* **RECORDS FOR PROCESSING**
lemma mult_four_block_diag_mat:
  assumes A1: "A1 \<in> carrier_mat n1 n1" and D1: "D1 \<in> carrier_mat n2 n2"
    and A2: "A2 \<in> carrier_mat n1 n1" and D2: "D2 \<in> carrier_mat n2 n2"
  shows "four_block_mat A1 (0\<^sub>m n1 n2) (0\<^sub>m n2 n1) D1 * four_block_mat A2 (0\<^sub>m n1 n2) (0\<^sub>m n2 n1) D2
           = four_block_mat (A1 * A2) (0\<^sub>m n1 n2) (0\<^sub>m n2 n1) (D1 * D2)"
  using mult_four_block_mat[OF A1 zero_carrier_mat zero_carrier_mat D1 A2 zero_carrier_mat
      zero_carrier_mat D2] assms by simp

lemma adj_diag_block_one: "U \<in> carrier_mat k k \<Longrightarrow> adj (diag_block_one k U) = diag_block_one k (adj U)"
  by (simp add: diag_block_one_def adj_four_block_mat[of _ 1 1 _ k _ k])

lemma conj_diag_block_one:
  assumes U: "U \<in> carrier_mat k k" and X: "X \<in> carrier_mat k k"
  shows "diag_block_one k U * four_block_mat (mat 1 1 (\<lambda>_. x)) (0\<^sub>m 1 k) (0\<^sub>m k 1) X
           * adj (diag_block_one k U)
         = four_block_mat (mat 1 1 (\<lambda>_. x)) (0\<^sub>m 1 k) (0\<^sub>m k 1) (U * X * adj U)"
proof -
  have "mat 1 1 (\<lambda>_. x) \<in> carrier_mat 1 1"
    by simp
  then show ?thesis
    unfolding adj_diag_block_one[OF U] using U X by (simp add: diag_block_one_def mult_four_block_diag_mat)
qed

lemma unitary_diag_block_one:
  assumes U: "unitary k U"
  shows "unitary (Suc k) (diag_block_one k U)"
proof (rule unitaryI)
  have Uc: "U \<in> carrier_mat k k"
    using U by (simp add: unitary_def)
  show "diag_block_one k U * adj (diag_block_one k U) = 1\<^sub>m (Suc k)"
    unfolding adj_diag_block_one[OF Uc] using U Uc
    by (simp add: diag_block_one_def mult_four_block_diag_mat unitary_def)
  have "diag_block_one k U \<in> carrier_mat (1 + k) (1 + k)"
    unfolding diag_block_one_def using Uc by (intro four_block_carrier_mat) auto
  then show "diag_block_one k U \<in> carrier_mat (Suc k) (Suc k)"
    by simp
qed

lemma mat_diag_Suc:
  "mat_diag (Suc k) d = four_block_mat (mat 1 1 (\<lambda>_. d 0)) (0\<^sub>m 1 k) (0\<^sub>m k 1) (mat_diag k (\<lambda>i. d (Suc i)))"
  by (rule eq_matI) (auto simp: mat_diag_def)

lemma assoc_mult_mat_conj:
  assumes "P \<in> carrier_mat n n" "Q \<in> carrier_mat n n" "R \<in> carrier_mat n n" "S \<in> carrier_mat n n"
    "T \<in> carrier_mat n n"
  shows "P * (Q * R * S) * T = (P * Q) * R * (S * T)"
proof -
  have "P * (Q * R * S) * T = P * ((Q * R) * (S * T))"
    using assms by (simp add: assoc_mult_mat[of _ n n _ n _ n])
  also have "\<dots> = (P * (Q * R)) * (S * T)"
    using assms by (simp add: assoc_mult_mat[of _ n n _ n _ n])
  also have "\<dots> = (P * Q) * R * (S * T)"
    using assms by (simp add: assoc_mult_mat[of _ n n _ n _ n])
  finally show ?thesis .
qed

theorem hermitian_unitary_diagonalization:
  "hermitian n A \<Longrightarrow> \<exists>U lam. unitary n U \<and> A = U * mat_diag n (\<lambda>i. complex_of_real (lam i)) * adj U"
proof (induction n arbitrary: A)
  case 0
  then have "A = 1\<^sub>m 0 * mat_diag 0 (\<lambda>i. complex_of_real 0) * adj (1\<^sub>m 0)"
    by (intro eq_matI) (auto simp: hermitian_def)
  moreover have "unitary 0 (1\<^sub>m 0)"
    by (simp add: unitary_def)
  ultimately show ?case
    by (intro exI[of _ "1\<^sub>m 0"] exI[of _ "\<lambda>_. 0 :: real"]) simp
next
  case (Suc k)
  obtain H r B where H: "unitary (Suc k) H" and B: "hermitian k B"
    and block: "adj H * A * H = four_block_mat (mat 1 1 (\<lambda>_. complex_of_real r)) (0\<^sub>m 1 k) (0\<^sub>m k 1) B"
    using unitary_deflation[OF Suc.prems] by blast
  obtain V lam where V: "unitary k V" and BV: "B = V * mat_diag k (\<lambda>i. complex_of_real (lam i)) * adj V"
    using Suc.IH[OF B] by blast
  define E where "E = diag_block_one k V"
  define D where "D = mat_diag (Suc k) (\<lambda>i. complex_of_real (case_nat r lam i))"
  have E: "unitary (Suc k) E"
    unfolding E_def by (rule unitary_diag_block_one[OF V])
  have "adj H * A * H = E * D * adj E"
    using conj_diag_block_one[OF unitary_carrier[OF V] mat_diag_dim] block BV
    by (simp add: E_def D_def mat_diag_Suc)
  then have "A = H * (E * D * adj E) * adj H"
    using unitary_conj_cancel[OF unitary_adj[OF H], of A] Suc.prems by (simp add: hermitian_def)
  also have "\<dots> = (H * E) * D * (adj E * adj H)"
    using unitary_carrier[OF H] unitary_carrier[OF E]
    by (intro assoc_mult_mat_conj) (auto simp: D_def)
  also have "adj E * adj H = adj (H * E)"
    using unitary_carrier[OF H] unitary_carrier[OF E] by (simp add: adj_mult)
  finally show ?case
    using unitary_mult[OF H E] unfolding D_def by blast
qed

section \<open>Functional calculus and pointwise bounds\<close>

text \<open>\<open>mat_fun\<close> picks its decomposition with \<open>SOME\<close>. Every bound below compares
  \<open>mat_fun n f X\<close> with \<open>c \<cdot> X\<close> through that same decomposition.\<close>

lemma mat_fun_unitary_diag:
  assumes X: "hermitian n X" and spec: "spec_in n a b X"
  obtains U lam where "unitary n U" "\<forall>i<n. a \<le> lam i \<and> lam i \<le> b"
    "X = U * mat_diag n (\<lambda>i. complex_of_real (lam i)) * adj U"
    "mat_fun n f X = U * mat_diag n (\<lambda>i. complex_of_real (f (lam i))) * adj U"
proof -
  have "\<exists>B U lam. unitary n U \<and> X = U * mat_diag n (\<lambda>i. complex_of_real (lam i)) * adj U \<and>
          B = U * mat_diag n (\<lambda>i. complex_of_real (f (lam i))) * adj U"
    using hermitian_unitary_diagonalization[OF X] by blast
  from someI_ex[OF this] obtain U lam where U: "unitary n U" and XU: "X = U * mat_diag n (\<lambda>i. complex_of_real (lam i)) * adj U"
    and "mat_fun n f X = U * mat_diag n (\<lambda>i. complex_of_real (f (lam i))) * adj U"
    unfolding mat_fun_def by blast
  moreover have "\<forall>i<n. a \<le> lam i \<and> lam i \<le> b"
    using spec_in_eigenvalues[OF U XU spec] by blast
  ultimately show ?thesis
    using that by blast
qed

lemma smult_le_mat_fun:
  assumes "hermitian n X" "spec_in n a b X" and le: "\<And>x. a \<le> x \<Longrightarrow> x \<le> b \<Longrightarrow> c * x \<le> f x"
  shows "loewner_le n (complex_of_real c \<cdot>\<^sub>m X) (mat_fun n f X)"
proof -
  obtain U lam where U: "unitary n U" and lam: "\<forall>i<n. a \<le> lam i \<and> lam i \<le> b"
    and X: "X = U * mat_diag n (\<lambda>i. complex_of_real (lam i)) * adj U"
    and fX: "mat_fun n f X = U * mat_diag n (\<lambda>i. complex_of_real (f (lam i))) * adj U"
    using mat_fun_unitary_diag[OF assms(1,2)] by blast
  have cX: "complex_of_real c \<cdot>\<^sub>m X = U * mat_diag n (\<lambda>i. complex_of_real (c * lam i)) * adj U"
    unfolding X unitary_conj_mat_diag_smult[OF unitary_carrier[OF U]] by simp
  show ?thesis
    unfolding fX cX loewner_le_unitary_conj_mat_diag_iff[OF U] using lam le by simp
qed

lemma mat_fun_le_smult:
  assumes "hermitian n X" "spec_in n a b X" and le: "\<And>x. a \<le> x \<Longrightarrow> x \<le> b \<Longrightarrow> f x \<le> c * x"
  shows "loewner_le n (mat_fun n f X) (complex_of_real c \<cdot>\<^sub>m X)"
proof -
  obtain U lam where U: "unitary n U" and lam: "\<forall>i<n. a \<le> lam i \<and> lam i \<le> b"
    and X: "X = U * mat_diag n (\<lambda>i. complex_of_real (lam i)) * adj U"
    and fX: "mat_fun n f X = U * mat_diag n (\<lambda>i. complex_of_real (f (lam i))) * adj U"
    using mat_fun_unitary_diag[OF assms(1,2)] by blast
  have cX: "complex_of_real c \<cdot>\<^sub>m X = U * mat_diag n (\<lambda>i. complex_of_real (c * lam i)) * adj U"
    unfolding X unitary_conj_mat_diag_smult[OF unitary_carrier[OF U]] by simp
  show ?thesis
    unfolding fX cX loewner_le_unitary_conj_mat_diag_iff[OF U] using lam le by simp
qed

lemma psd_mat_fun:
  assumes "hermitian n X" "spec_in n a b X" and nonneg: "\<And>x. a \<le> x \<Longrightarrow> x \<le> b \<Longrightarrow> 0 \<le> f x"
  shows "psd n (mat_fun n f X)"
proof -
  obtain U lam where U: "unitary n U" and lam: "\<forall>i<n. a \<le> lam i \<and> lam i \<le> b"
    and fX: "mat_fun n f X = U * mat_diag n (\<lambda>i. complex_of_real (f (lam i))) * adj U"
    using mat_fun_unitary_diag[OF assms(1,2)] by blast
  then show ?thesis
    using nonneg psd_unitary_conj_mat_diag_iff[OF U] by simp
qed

---

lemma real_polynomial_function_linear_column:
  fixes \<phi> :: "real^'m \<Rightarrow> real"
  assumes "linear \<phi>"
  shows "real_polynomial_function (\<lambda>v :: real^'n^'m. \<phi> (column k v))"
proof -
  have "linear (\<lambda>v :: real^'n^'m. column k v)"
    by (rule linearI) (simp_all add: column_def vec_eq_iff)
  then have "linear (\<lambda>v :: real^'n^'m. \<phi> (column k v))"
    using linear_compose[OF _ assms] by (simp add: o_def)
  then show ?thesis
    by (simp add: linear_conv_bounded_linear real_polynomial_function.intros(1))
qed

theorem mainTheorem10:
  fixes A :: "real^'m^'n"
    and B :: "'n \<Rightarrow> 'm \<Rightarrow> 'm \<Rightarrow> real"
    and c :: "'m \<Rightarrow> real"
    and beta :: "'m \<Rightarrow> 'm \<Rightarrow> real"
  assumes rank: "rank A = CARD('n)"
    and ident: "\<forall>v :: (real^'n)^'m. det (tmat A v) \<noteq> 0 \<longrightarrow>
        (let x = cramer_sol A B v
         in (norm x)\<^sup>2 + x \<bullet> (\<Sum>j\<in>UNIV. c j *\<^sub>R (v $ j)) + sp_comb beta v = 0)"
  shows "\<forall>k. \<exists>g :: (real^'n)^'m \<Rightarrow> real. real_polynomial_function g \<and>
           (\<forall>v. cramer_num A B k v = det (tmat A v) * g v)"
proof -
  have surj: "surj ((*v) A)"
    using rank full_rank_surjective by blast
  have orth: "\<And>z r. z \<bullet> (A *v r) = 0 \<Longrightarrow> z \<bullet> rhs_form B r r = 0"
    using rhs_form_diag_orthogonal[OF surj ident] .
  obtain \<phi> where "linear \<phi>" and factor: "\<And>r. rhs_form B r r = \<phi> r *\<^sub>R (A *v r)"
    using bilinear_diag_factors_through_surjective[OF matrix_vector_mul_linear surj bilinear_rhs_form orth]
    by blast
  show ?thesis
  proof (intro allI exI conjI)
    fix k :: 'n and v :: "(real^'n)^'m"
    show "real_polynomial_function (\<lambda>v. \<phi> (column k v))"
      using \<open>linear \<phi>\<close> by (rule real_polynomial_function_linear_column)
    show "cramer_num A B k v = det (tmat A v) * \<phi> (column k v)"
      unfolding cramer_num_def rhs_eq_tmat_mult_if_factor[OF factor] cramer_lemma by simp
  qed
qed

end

* **EXERCISE DETAILS**
Working through the data above, find every line holding "prems" and copy it.

* **REPLY**
    using unitary_deflation[OF Suc.prems] by blast
    using unitary_conj_cancel[OF unitary_adj[OF H], of A] Suc.prems by (simp add: hermitian_def)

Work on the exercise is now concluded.